Well my brain kept blanking out and we kept crashing and burning.  As predicted.  Spenser and I had swapped pairs of bells too so I didn’t even have relative familiarity to plug the gaps.  It wasn’t all bad:  both Spenser and I felt we were getting useful practise.

Now as it happens the monks were holding a bingo night for prospective oblates or something and my usual Saturday night contemplative service wasn’t on.  I had told the assembled bell crowd that I didn’t have my usual time constraints and so of course Niall suggested we have one more crash and clang at the frelling quarter after our tea break.  I was already tired and getting stupider with multiple failures. . . .

Yep.  We got it.  And as I wrote to Alfrick later, God once again proves to have a funny sense of humour.

^ She babysits for her grandchildren!  It doesn’t get more normal!

^^ One of the Super Surprise Delight Domineering Demented methods.  The kind of thing where I can’t even read the line, let alone imagine ringing it.

‡ Volunteer.  Things like chair-straightener and crucifix-polisher and cable-winder and tea-and-cake producer.  But these apparently harmless if time-consuming occupations have fancy names like Dapifer and Manciple and one has the suspicion that the moment one had said ‘okay’ the task list would turn out to be seven single-spaced pages of deviant Anglican jargon meant to intimidate and enslave.  Or they’d have more volunteers.

The Quest for Pooka II

Pooka, my (relatively) loyal (as gizmos go) iPhone, is getting ready to check out permanently and go to that big Silicon Valley in the sky where she can play with all the Sinclairs and Altairs in the perfectly atmospherically controlled Elysian Fields equivalent geekily overseen by the demiurge of technology.*  I’m still hoping to get twenty years out of Wolfgang, I guess four or five years is pretty good for a mobile phone.   SIIIIIIIGH.  The first sign of trouble is that she began jumping lines while I was texting which is therefore my own fault for getting sucked into texting in the first place.  ARRRRRGH.  YOU KNOW THE WORLD WAS FULL OF INTEREST AND DELIGHT BEFORE THERE WAS TEXTING.**  But the real moment of shock, horror and brutal recognition of having arrived at the Point of No Return was when I discovered MY BELL RINGING APP WAS FRIED.***

I can no longer remember why I got flummoxed into an iPhone rather than some other mobile phone.  I’m sure there was a good† reason.††  However I want no more steep learning curves in my life††† so if I’m replacing Pooka I’m going to replace her with another iPhone, okay?  Meanwhile because EVERYTHING! has to be BIGGER!! And BRIGHTER!!! and WHIZZIER!!!! and FLASHIER!!!!!! . . . the frelling iPhone 6 has two models:  the just-larger-enough to not squash in the little pink bag that Pooka fits in and hangs around my neck‡ and the frelling ginormous sub-tablet sized.

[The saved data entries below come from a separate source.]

(* There exists an absolute constant $c > 0$ so that asymptotically almost surely (i.e., with probability tending to $1$ as $n\to\infty$) every triangle $T(X)$ contains a vertex of $\mathcal{G}_2(n,r)$, provided $r^5 > c \frac{\log n}{n}$.
   Context: $\mathcal{G}_2(n,r)$ is the random geometric graph with vertex set $[n]$ in which $n$ points are chosen uniformly at random and independently from $[0,1]^2$, two vertices being adjacent if their Euclidean distance is at most $r$, where $r=r(n)$ may depend on $n$. Let $O$ be the center of $[0,1]^2$. For each point $X$ of the unit square whose distance from $O$ is at least $r/2$ and whose distance from the boundary of the square is at least $r^2/10^3$, $T(X)$ is the isosceles triangle defined as follows: one vertex is $X$; the segment of length $r^2/100$ on the line $OX$ starting at $X$ and going towards $O$ is the height of $T(X)$; the base is orthogonal to this height and has length $r^3/10^5$. *)

theory Defs
  imports "HOL-Probability.Probability"
begin

definition unit_sq :: "(real \<times> real) set" where
  "unit_sq = {0..1} \<times> {0..1}"

definition centre :: "real \<times> real" where
  "centre = (1/2, 1/2)"

definition bdist :: "real \<times> real \<Rightarrow> real" where
  "bdist X = min (min (fst X) (1 - fst X)) (min (snd X) (1 - snd X))"

text \<open>Points X for which T(X) is defined (for radius r).\<close>
definition admissible :: "real \<Rightarrow> real \<times> real \<Rightarrow> bool" where
  "admissible r X \<longleftrightarrow> X \<in> unit_sq \<and> dist X centre \<ge> r / 2 \<and> bdist X \<ge> r^2 / 10^3"

text \<open>The closed isosceles triangle T(X): apex X, height of length r^2/100 along
  the segment from X towards O, base orthogonal to the height of length r^3/10^5.\<close>
definition tri :: "real \<Rightarrow> real \<times> real \<Rightarrow> (real \<times> real) set" where
  "tri r X =
    (let u = (1 / dist X centre) *\<^sub>R (centre - X);
         v = (- snd u, fst u);
         M = X + (r^2 / 100) *\<^sub>R u;
         b = r^3 / 10^5
     in convex hull {X, M + (b/2) *\<^sub>R v, M - (b/2) *\<^sub>R v})"

text \<open>The probability space of n independent uniform points in the unit square
  (vertex i of G_2(n,r) is placed at \<omega> i).\<close>
definition rgg_space :: "nat \<Rightarrow> (nat \<Rightarrow> real \<times> real) measure" where
  "rgg_space n = PiM {..<n} (\<lambda>_. uniform_measure lborel unit_sq)"

end

theory Submission
  imports Defs
begin

text \<open>
  Write \<open>h = r^2/100\<close> and \<open>b = r^3/10^5\<close> for the height and base of \<open>T(X)\<close>, and use the
  orthonormal frame of \<open>T(X)\<close>: the axis \<open>u\<close> from \<open>X\<close> towards \<open>O\<close> and its normal.
  The points of height between \<open>h/2\<close> and \<open>h\<close> and lateral offset at most \<open>b/4\<close> form a core
  of \<open>T(X)\<close> that lies in the unit square. Moving the apex by \<open>\<delta> = b/16\<close> turns the frame by
  \<open>O(\<delta>/r)\<close> only, so a thin probe parallelogram of dimensions about \<open>h \<times> b\<close> placed at
  height \<open>3h/4\<close> above any \<open>Y\<close> with \<open>dist X Y \<le> \<delta>\<close> lies in the core of \<open>T(X)\<close>.
  Hence it suffices that the probes at the \<open>O(r\<^sup>-\<^sup>6) = O(n\<^sup>2)\<close> points of a \<open>\<delta>\<close>-grid all
  contain a vertex. A probe has area at least \<open>r^5/(64\<cdot>10^7)\<close>, so it misses all \<open>n\<close>
  vertices with probability at most \<open>n\<^sup>-\<^sup>3\<close> once \<open>r^5 > 192\<cdot>10^7 log n / n\<close>, and the
  union bound leaves a failure probability \<open>O(1/n)\<close>.
\<close>

section \<open>Orthonormal frames in the plane\<close>

definition perp :: "real \<times> real \<Rightarrow> real \<times> real" where
  "perp u = (- snd u, fst u)"

lemma inner_perp_self [simp]: "inner u (perp u) = 0"
  by (simp add: perp_def inner_prod_def)

lemma norm_perp [simp]: "norm (perp u) = norm u"
  by (simp add: perp_def norm_prod_def add.commute)

lemma inner_perp_perp [simp]: "inner (perp u) (perp w) = inner u w"
  by (simp add: perp_def inner_prod_def add.commute)

lemma perp_diff: "perp u - perp w = perp (u - w)"
  by (simp add: perp_def)

lemma frame_decomp:
  assumes "norm u = 1"
  shows "w = inner w u *\<^sub>R u + inner w (perp u) *\<^sub>R perp u"
proof -
  have n: "fst u ^ 2 + snd u ^ 2 = 1"
    using assms by (simp add: norm_prod_def real_sqrt_eq_1_iff)
  show ?thesis
  proof (rule prod_eqI)
    show "fst w = fst (inner w u *\<^sub>R u + inner w (perp u) *\<^sub>R perp u)"
      using arg_cong[OF n, of "(*) (fst w)"]
      by (simp add: perp_def inner_prod_def power2_eq_square algebra_simps)
    show "snd w = snd (inner w u *\<^sub>R u + inner w (perp u) *\<^sub>R perp u)"
      using arg_cong[OF n, of "(*) (snd w)"]
      by (simp add: perp_def inner_prod_def power2_eq_square algebra_simps)
  qed
qed

lemma norm_le_frame_coords:
  assumes "norm u = 1"
  shows "norm w \<le> \<bar>inner w u\<bar> + \<bar>inner w (perp u)\<bar>"
proof -
  have "norm w = norm (inner w u *\<^sub>R u + inner w (perp u) *\<^sub>R perp u)"
    using frame_decomp[OF assms] by metis
  also have "\<dots> \<le> \<bar>inner w u\<bar> + \<bar>inner w (perp u)\<bar>"
    using norm_triangle_ineq[of "inner w u *\<^sub>R u" "inner w (perp u) *\<^sub>R perp u"] assms by simp
  finally show ?thesis .
qed

lemma abs_inner_frame_le:
  assumes "norm u = 1" "norm e = 1"
  shows "\<bar>inner w u\<bar> * \<bar>inner u e\<bar> \<le> \<bar>inner w e\<bar> + \<bar>inner w (perp u)\<bar>"
proof -
  have "inner w e = inner w u * inner u e + inner w (perp u) * inner (perp u) e"
    by (subst frame_decomp[OF assms(1), of w]) (simp add: inner_add_left)
  moreover have "\<bar>inner (perp u) e\<bar> \<le> 1"
    using Cauchy_Schwarz_ineq2[of "perp u" e] assms by simp
  then have "\<bar>inner w (perp u) * inner (perp u) e\<bar> \<le> \<bar>inner w (perp u)\<bar>"
    by (simp add: abs_mult mult_left_le)
  ultimately show ?thesis by (simp add: abs_mult[symmetric])
qed

lemma inner_frame_change:
  fixes q X Y u w :: "'a::real_inner"
  assumes "norm u = 1"
  shows "\<bar>inner (q - X) u - inner (q - Y) w\<bar> \<le> norm (q - Y) * norm (u - w) + dist X Y"
proof -
  have "inner (q - X) u - inner (q - Y) w = inner (q - Y) (u - w) + inner (Y - X) u"
    by (simp add: inner_diff_left inner_diff_right)
  moreover have "\<bar>inner (q - Y) (u - w)\<bar> \<le> norm (q - Y) * norm (u - w)"
    by (rule Cauchy_Schwarz_ineq2)
  moreover have "\<bar>inner (Y - X) u\<bar> \<le> dist X Y"
    using Cauchy_Schwarz_ineq2[of "Y - X" u] assms by (simp add: dist_norm norm_minus_commute)
  ultimately show ?thesis by linarith
qed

I decided I should actually see these critters before I asked Raphael to order one.  If the slightly-too-large one is TOTALLY IMPOSSIBLE the earlier Pooka-sized edition is still available, it just doesn’t have all the upgradey bits that are probably mostly worth having, and I have a certain resistance to spending several hundred pounds on something that isn’t as good as something that is only slightly more insanely expensive and which latter is also less likely to go seriously passé and customer-support-free before it’s ready for the polished-aluminium Elysian Fields.  And with all this FRELLING TEXTING I’m now doing the tiny iPhone keyboard is driving me NUTS‡‡ and I thought it might just be worth having a look at the keyboard on the Ginormous Sub-Tablet.

Niall, ahem, texted me, asking if I was going ringing at Crabbiton tonight?   I guess, I replied, my fingers a blur of anguish and misspelling, but I’m thinking of going slightly the long way to have a look in at Doorknob and Beastly’s electronics department:  their web site says they have iPhone 6s and there’s a D and B on the Crabbiton side of Mauncester.  Since we’ve started carpooling I offered to pick him up:  he could look at cameras or longswords or something while I was muttering over iPhones.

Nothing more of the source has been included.